Crypto news

19.06.2026
23:35

The main threat to Bitcoin is not a market crash, but prolonged stagnation: Cryptalist analysis

The Bitcoin market faces an inconspicuous yet extremely dangerous threat. This is not about a sharp drop in prices, but about a painful stagnation. It is the prolonged consolidation within a narrow range that can undermine investors' fundamental faith in the asset's further growth. This is the conclusion reached by the founder of the analytical platform CryptoQuant, Ki Young Ju, and I fully agree with him.

Why is a sideways market worse than a crash?
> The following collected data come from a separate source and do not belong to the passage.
text \<open>\<open>\<Gamma>'(1) = -\<gamma>\<close>, by dominated convergence applied to the difference quotients of \<open>\<Gamma>\<close> at 1.\<close>
lemma has_bochner_integral_ln_exp:
  "has_bochner_integral lborel (\<lambda>t::real. indicator {0<..} t * (ln t * exp (- t))) (- euler_mascheroni)"
proof -
  define h where "h k = 1 / (real k + 2)" for k :: nat
  define s where "s k t = indicator {0<..} t * ((t powr h k - 1) / h k * exp (- t))" for k t
  define f where "f t = indicator {0<..} t * (ln t * exp (- t))" for t :: real
  define w where "w t = indicator {0<..} t * ((2 * t powr (-1/2) + t powr 2) * exp (- t))" for t :: real
  have h: "0 < h k" "h k \<le> 1" "h k \<noteq> 0" for k
    unfolding h_def by auto
  have "h \<longlonglongrightarrow> 0"
    unfolding h_def[abs_def] by real_asymp
  then have h_lim: "filterlim h (at 0) sequentially"
    unfolding filterlim_at using h by (auto intro!: always_eventually)
  have Gamma_quotient: "((\<lambda>y. (Gamma (1 + y) - Gamma 1) / y) \<longlongrightarrow> Gamma 1 * Digamma 1) (at (0::real))"
    using has_field_derivative_Gamma[of "1::real" UNIV] by (simp add: DERIV_def)
  have s_int: "(\<integral>t. s k t \<partial>lborel) = (Gamma (1 + h k) - 1) / h k" for k
    unfolding s_def by (rule has_bochner_integral_integral_eq[OF has_bochner_integral_Gamma_diff_quotient[OF h(1)]])
  have s_lim: "(\<lambda>k. \<integral>t. s k t \<partial>lborel) \<longlonglongrightarrow> - euler_mascheroni"
    using filterlim_compose[OF Gamma_quotient h_lim] by (simp add: s_int)
  have pointwise: "AE t in lborel. (\<lambda>k. s k t) \<longlonglongrightarrow> f t"
  proof (rule AE_I2)
    fix t :: real
    show "(\<lambda>k. s k t) \<longlonglongrightarrow> f t"
    proof (cases "t > 0")
      case True
      from tendsto_mult_right[OF filterlim_compose[OF tendsto_powr_diff_quotient[OF True] h_lim], of "exp (- t)"]
      show ?thesis
        using True by (simp add: s_def f_def)
    qed (simp add: s_def f_def)
  qed
  have bound: "AE t in lborel. norm (s k t) \<le> w t" for k
  proof (rule AE_I2)
    fix t :: real
    show "norm (s k t) \<le> w t"
    proof (cases "t > 0")
      case True
      then have "\<bar>(t powr h k - 1) / h k\<bar> * exp (- t) \<le> (2 * t powr (-1/2) + t powr 2) * exp (- t)"
        by (intro mult_right_mono abs_powr_diff_quotient_le h) simp_all
      then show ?thesis
        using True by (simp add: s_def w_def abs_mult)
    qed (simp add: s_def w_def)
  qed
  have [measurable]: "s k \<in> borel_measurable lborel" "f \<in> borel_measurable lborel" for k
    unfolding s_def f_def by measurable
  note w_int = integrable_powr_diff_quotient_bound[folded w_def]
  have "integrable lborel f"
    by (rule integrable_dominated_convergence[OF _ _ w_int pointwise bound]) simp_all
  moreover have "(\<lambda>k. \<integral>t. s k t \<partial>lborel) \<longlonglongrightarrow> (\<integral>t. f t \<partial>lborel)"
    by (rule integral_dominated_convergence[OF _ _ w_int pointwise bound]) simp_all
  then have "(\<integral>t. f t \<partial>lborel) = - euler_mascheroni"
    using s_lim by (rule LIMSEQ_unique)
  ultimately show ?thesis
    unfolding f_def has_bochner_integral_iff by simp
qed

lemma ln_plus_euler_exp_integral:
  shows "set_integrable lborel {0<..} (\<lambda>t::real. (ln t + euler_mascheroni) * exp (- t))"
    and "(LBINT t:{0<..}. (ln t + euler_mascheroni) * exp (- t :: real)) = 0"
proof -
  have "has_bochner_integral lborel (\<lambda>t::real. indicator {0<..} t * (ln t * exp (- t))
      + euler_mascheroni * (indicator {0<..} t * exp (- t))) (- euler_mascheroni + euler_mascheroni * 1)"
    by (rule has_bochner_integral_add[OF has_bochner_integral_ln_exp
        has_bochner_integral_mult_right[OF has_bochner_integral_exp_minus_Ioi]])
  moreover have "(\<lambda>t::real. indicator {0<..} t * (ln t * exp (- t)) + euler_mascheroni * (indicator {0<..} t * exp (- t)))
      = (\<lambda>t. indicator {0<..} t * ((ln t + euler_mascheroni) * exp (- t)))"
    by (auto simp: algebra_simps)
  ultimately have "has_bochner_integral lborel
      (\<lambda>t::real. indicator {0<..} t * ((ln t + euler_mascheroni) * exp (- t))) 0"
    by simp
  then show "set_integrable lborel {0<..} (\<lambda>t::real. (ln t + euler_mascheroni) * exp (- t))"
    and "(LBINT t:{0<..}. (ln t + euler_mascheroni) * exp (- t :: real)) = 0"
    by (simp_all add: set_integrable_def set_lebesgue_integral_def has_bochner_integral_iff)
qed

lemma interval_integral_ln_plus_euler_exp_eq:
  fixes x :: real
  assumes x: "x > 0"
  shows "(LBINT t=0..x. (ln t + euler_mascheroni) * exp (- t)) = - (LBINT t:{x<..}. (ln t + euler_mascheroni) * exp (- t))"
    and "(LBINT t=0..x. (ln t + euler_mascheroni) * exp (- t)) = (LBINT t:{0<..<x}. (ln t + euler_mascheroni) * exp (- t))"
proof -
  have "(LBINT t=ereal 0..ereal x. (ln t + euler_mascheroni) * exp (- t))
      + (LBINT t=ereal x..\<infinity>. (ln t + euler_mascheroni) * exp (- t))
      = (LBINT t=ereal 0..\<infinity>. (ln t + euler_mascheroni) * exp (- t))"
    using x ln_plus_euler_exp_integral(1)
    by (intro interval_integral_sum) (simp add: interval_integrable_to_infinity_eq min_def)
  then show "(LBINT t=0..x. (ln t + euler_mascheroni) * exp (- t)) = - (LBINT t:{x<..}. (ln t + euler_mascheroni) * exp (- t))"
    using ln_plus_euler_exp_integral(2) by (simp add: interval_integral_to_infinity_eq zero_ereal_def)
  show "(LBINT t=0..x. (ln t + euler_mascheroni) * exp (- t)) = (LBINT t:{0<..<x}. (ln t + euler_mascheroni) * exp (- t))"
    using x by (simp add: interval_lebesgue_integral_le_eq zero_ereal_def)
qed

lemma set_integrable_exp_div_Ioi:
  fixes x :: real
  assumes x: "x > 0"
  shows "set_integrable lborel {x<..} (\<lambda>v. exp (- v) / v)"
proof -
  have "set_integrable lborel {x<..} (\<lambda>v. exp (- v))"
    by (rule set_integrable_subset[where A="{0<..}"])
       (use x integrable.intros[OF has_bochner_integral_exp_minus_Ioi] in \<open>auto simp: set_integrable_def\<close>)
  then show ?thesis
  proof (rule set_integrable_bound[OF set_integrable_mult_right[where a="1 / x"]])
    show "AE v in lborel. v \<in> {x<..} \<longrightarrow> norm (exp (- v) / v) \<le> norm (1 / x * exp (- v))"
      using x by (auto intro!: AE_I2 simp: field_simps mult_left_mono)
  qed (simp add: set_borel_measurable_def)
qed

lemma exp_integral_Ioi_eq:
  fixes x :: real
  assumes x: "x > 0"
  shows "(LBINT v:{x<..}. exp (- v) / v)
       = - (LBINT t=0..x. (ln t + euler_mascheroni) * exp (- t)) - (ln x + euler_mascheroni) * exp (- x)"
proof -
  define \<phi> where "\<phi> t = (ln t + euler_mascheroni) * exp (- t)" for t :: real
  define F where "F t = - (ln t + euler_mascheroni) * exp (- t)" for t :: real
  have \<phi>_int: "set_integrable lborel {x<..} \<phi>"
    unfolding \<phi>_def[abs_def]
    by (rule set_integrable_subset[OF ln_plus_euler_exp_integral(1)]) (use x in auto)
  note E1_int = set_integrable_exp_div_Ioi[OF x]
  have "(LBINT t=ereal x..\<infinity>. \<phi> t - exp (- t) / t) = 0 - F x"
  proof (rule interval_integral_FTC_integrable)
    fix t assume "ereal x < ereal t"
    then have t: "t > 0"
      using x by simp
    show "(F has_vector_derivative \<phi> t - exp (- t) / t) (at t)"
      unfolding F_def \<phi>_def has_real_derivative_iff_has_vector_derivative[symmetric] using t
      by (auto intro!: derivative_eq_intros simp: field_simps)
    show "isCont (\<lambda>t. \<phi> t - exp (- t) / t) t"
      unfolding \<phi>_def using t by (intro continuous_intros) auto
  next
    show "set_integrable lborel (einterval (ereal x) \<infinity>) (\<lambda>t. \<phi> t - exp (- t) / t)"
      using set_integral_diff(1)[OF \<phi>_int E1_int] by simp
    have "isCont F x"
      unfolding F_def using x by (intro continuous_intros) auto
    then have "(F \<longlongrightarrow> F x) (at_right x)"
      unfolding isCont_def by (rule tendsto_mono[OF at_le, rotated]) simp
    then show "((F \<circ> real_of_ereal) \<longlongrightarrow> F x) (at_right (ereal x))"
      unfolding ereal_tendsto_simps1 .
    show "((F \<circ> real_of_ereal) \<longlongrightarrow> 0) (at_left \<infinity>)"
      unfolding ereal_tendsto_simps1 F_def by real_asymp
  qed simp
  then have "(LBINT t:{x<..}. \<phi> t) - (LBINT v:{x<..}. exp (- v) / v) = (ln x + euler_mascheroni) * exp (- x)"
    using \<phi>_int E1_int
    by (simp add: interval_integral_to_infinity_eq set_integral_diff F_def) (simp add: algebra_simps)
  then show ?thesis
    using interval_integral_ln_plus_euler_exp_eq(1)[OF x] by (simp add: \<phi>_def[abs_def])
qed

lemma set_integral_exp_div_add_eq:
  fixes x :: real
  assumes x: "x > 0"
  shows "(LBINT u:{0<..}. exp (- u) / (u + x))
       = - exp x * (LBINT t=0..x. (ln t + euler_mascheroni) * exp (- t)) - (ln x + euler_mascheroni)"
proof -
  define U where "U = (LBINT u:{0<..}. exp (- u) / (u + x))"
  define J where "J = (LBINT t=0..x. (ln t + euler_mascheroni) * exp (- t))"
  have "(LBINT v:{x<..}. exp (- v) / v)
      = (LBINT u. indicator {x<..} (x + 1 * u) * (exp (- (x + 1 * u)) / (x + 1 * u)))"
    using lborel_integral_real_affine[of 1 "\<lambda>v. indicator {x<..} v * (exp (- v) / v)" x]
    by (simp add: set_lebesgue_integral_def)
  also have "\<dots> = exp (- x) * U"
    unfolding U_def set_lebesgue_integral_def integral_mult_right_zero[symmetric]
    by (rule Bochner_Integration.integral_cong) (auto simp: indicator_def exp_add[symmetric] add.commute)
  finally have E1: "exp (- x) * U = - J - (ln x + euler_mascheroni) * exp (- x)"
    using exp_integral_Ioi_eq[OF x] by (simp add: J_def)
  have inv: "exp x * exp (- x) = 1"
    by (simp add: exp_minus_inverse)
  have "U = exp x * (exp (- x) * U)"
    using inv by (simp add: mult.assoc[symmetric])
  also have "\<dots> = - exp x * J - (ln x + euler_mascheroni) * (exp x * exp (- x))"
    unfolding E1 by (simp add: algebra_simps)
  finally show ?thesis
    unfolding U_def[symmetric] J_def[symmetric] inv by simp
qed

lemma E_log_IG_eq_exp_mult_integral:
  fixes W :: real
  assumes W: "W > 0"
  shows "E_log_IG W
       = exp (2 * W) * (LBINT t=0..2 * W. (ln t + euler_mascheroni) * exp (- t)) + (euler_mascheroni + ln 2)"
proof -
  have "ln (2 * W) = ln 2 + ln W"
    using W by (simp add: ln_mult)
  then show ?thesis
    using E_log_IG_eq_integral[OF W] set_integral_exp_div_add_eq[of "2 * W"] W by simp
qed

section \<open>Bounds and the limit at 0\<close>

text \<open>The integrand changes sign only at \<open>t = e\<^sup>-\<^sup>\<gamma>\<close>: integrate over \<open>(0, x)\<close> or over \<open>(x, \<infinity>)\<close>
  according to the side of \<open>e\<^sup>-\<^sup>\<gamma>\<close> on which \<open>x\<close> lies.\<close>
lemma interval_integral_ln_plus_euler_exp_nonpos:
  fixes x :: real
  assumes x: "x > 0"
  shows "(LBINT t=0..x. (ln t + euler_mascheroni) * exp (- t)) \<le> 0"
proof (cases "ln x + euler_mascheroni \<le> 0")
  case True
  have "0 \<le> (LBINT t:{0<..<x}. - ((ln t + euler_mascheroni) * exp (- t)))"
    unfolding set_lebesgue_integral_def
  proof (rule integral_nonneg_AE, rule AE_I2)
    fix t :: real
    have "ln t + euler_mascheroni \<le> 0" if "t \<in> {0<..<x}"
    proof -
      have "ln t < ln x"
        using that by simp
      then show ?thesis
        using True by simp
    qed
    then show "0 \<le> indicator {0<..<x} t *\<^sub>R - ((ln t + euler_mascheroni) * exp (- t))"
      by (simp add: indicator_def mult_nonpos_nonneg)
  qed
  then show ?thesis
    using interval_integral_ln_plus_euler_exp_eq(2)[OF x] by (simp add: set_lebesgue_integral_def)
next
  case False
  have "0 \<le> (LBINT t:{x<..}. (ln t + euler_mascheroni) * exp (- t))"
    unfolding set_lebesgue_integral_def
  proof (rule integral_nonneg_AE, rule AE_I2)
    fix t :: real
    have "ln t + euler_mascheroni \<ge> 0" if "t \<in> {x<..}"
    proof -
      have "ln x < ln t"
        using that x by simp
      then show ?thesis
        using False by simp
    qed
    then show "0 \<le> indicator {x<..} t *\<^sub>R ((ln t + euler_mascheroni) * exp (- t))"
      by (simp add: indicator_def)
  qed
  then show ?thesis
    using interval_integral_ln_plus_euler_exp_eq(1)[OF x] by simp
qed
The logic here is simple and harsh. The market can survive a sharp decline—provided that faith in a quick rebound and a new wave of growth remains. However, multi-year price movement within a 10–15% range literally destroys the narrative on which demand rests. Investors lose patience, buying activity weakens, and the mechanism for attracting capital, especially through structures like Strategy's (formerly MicroStrategy) perpetual preferred stock, begins to falter. Michael Saylor needs not just to buy coins, but to give the market a fundamentally new reason to believe in the asset.
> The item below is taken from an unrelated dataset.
(* Let $\phi_k$, $k\in\{2,3,\dots\}$, be networks satisfying, for all $k\in\{2,3,\dots\}$, $\mathcal I(\phi_k)=\mathcal O(\mathbf P_2(\phi_2,\mathfrak I_{k-1}))$, $\phi_{k+1}=\phi_k\bullet\mathbf P_2(\phi_2,\mathfrak I_{k-1})$, and $$\phi_2=\left(\left(\begin{pmatrix}1&-1\\0&1\\0&-1\end{pmatrix},\begin{pmatrix}0\\0\\0\end{pmatrix}\right),\Bigl(\begin{pmatrix}1&1&-1\end{pmatrix},0\Bigr)\right)\in(\mathbb R^{3\times2}\times\mathbb R^3)\times(\mathbb R^{1\times3}\times\mathbb R).$$ Let $d\in\mathbb N$, $L\in\mathbb R$, let $D\subseteq\mathbb R^d$ be a set, let $f\colon D\to\mathbb R$ satisfy $|f(x)-f(y)|\le L\sum_{i=1}^d|x_i-y_i|$ for all $x,y\in D$, let $\mathcal M\subseteq D$ satisfy $|\mathcal M|\in\{2,3,\dots\}$, let $m\colon\{1,\dots,|\mathcal M|\}\to\mathcal M$ be bijective, let $W_1\in\mathbb R^{(2d)\times d}$ be the matrix whose rows $2i-1$ and $2i$ are $e_i^T$ and $-e_i^T$ ($i=1,\dots,d$, $e_i$ the standard unit vectors), let $W_2=(-L,-L,\dots,-L)\in\mathbb R^{1\times(2d)}$, for $z=(z_1,\dots,z_d)\in\mathcal M$ let $B_z=(-z_1,z_1,-z_2,z_2,\dots,-z_d,z_d)^T\in\mathbb R^{2d}$, let $\mathcal W_1\in\mathbb R^{(2d|\mathcal M|)\times d}$ be $W_1$ stacked vertically $|\mathcal M|$ times, $\mathcal B_1=(B_{m(1)};B_{m(2)};\dots;B_{m(|\mathcal M|)})\in\mathbb R^{2d|\mathcal M|}$, $\mathcal W_2\in\mathbb R^{|\mathcal M|\times(2d|\mathcal M|)}$ the block-diagonal matrix with $|\mathcal M|$ diagonal blocks equal to $W_2$, $\mathcal B_2=(f(m(1)),\dots,f(m(|\mathcal M|)))^T$, and let $\Phi=\phi_{|\mathcal M|}\bullet((\mathcal W_1,\mathcal B_1),(\mathcal W_2,\mathcal B_2))$. Then (i) $\mathcal D(\Phi)=(d,2d|\mathcal M|,2|\mathcal M|-1,2|\mathcal M|-3,\dots,3,1)\in\mathbb N^{|\mathcal M|+2}$; (ii) $\|\mathcal T(\Phi)\|_\infty\le\max\{1,L,\sup_{z\in\mathcal M}\|z\|_\infty,2\sup_{z\in\mathcal M}|f(z)|\}$; (iii) $\sup_{x\in D}|f(x)-(\mathcal R_{\mathfrak r}(\Phi))(x)|\le 2L\sup_{x\in D}\inf_{y\in\mathcal M}\sum_{i=1}^d|x_i-y_i|$.
   Context: A network is a tuple $\Phi=((W_1,B_1),\dots,(W_L,B_L))$ with $L\in\mathbb N$, $l_0,\dots,l_L\in\mathbb N$, $W_k\in\mathbb R^{l_k\times l_{k-1}}$, $B_k\in\mathbb R^{l_k}$; its length is $L$, its dimensions $\mathcal D(\Phi)=(l_0,\dots,l_L)$, input dimension $\mathcal I(\Phi)=l_0$, output dimension $\mathcal O(\Phi)=l_L$. Its ReLU realization $\mathcal R_{\mathfrak r}(\Phi)\colon\mathbb R^{l_0}\to\mathbb R^{l_L}$ is $x_0\mapsto W_Lx_{L-1}+B_L$ where $x_k=\mathfrak R(W_kx_{k-1}+B_k)$ for $k=1,\dots,L-1$ and $\mathfrak R$ applies $y\mapsto\max\{y,0\}$ componentwise. Its vectorization $\mathcal T(\Phi)\in\mathbb R^{\sum_kl_k(l_{k-1}+1)}$ is the concatenation over $k=1,\dots,L$ of the entries of $W_k$ listed row by row followed by the entries of $B_k$; $\|\cdot\|_\infty$ is the maximum norm. Composition: if $\Phi_1=((W_1,B_1),\dots,(W_L,B_L))$, $\Phi_2=((\mathfrak W_1,\mathfrak B_1),\dots,(\mathfrak W_{\mathfrak L},\mathfrak B_{\mathfrak L}))$ with $\mathcal I(\Phi_1)=\mathcal O(\Phi_2)$, then $\Phi_1\bullet\Phi_2=((\mathfrak W_1,\mathfrak B_1),\dots,(\mathfrak W_{\mathfrak L-1},\mathfrak B_{\mathfrak L-1}),(W_1\mathfrak W_{\mathfrak L},W_1\mathfrak B_{\mathfrak L}+B_1),(W_2,B_2),\dots,(W_L,B_L))$. Parallelization: for networks $\Phi_1,\dots,\Phi_n$ of the same length $L$ with $\Phi_i=((W_{i,1},B_{i,1}),\dots,(W_{i,L},B_{i,L}))$, $\mathbf P_n(\Phi_1,\dots,\Phi_n)=((\mathrm{diag}(W_{1,k},\dots,W_{n,k}),(B_{1,k};\dots;B_{n,k})))_{k=1,\dots,L}$ (block-diagonal weights, stacked biases). Identity networks: $\mathfrak I_1=\bigl(((1,-1)^T,(0,0)^T),((1\ \ -1),0)\bigr)$ and $\mathfrak I_d=\mathbf P_d(\mathfrak I_1,\dots,\mathfrak I_1)$ for $d\in\mathbb N$. *)

theory Defs
  imports Complex_Main "HOL-Library.Extended_Real"
begin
Narratives have exhausted themselves

Over the years working in the industry, I have observed how the stories around Bitcoin change. It was called "digital gold," but during crises it traded like a high-tech stock. It was presented as "freedom money," but many crypto industry veterans have now switched to other coins. The development of artificial intelligence and quantum computing adds new fears. Most of the old stories appear completely exhausted.

At the same time, Ki Young Ju continues to believe in long-term growth. His past predictions—regarding the launch of spot ETFs and the arrival of a pro-cryptocurrency US president—have fully materialized. However, the feeling of an inevitable powerful catalyst is now noticeably weaker. Saylor promotes concepts like "Bitcoin banking" and "digital lending," but these ideas are too complex for mass perception. As an analyst, I genuinely miss the times when the main Bitcoin message was freedom.

My expert opinion: The market desperately needs a new, simple, and compelling narrative. Without it, even institutional capital inflows may not save it from long-term apathy, which, unlike a bear market, kills not the price but the very soul of the asset.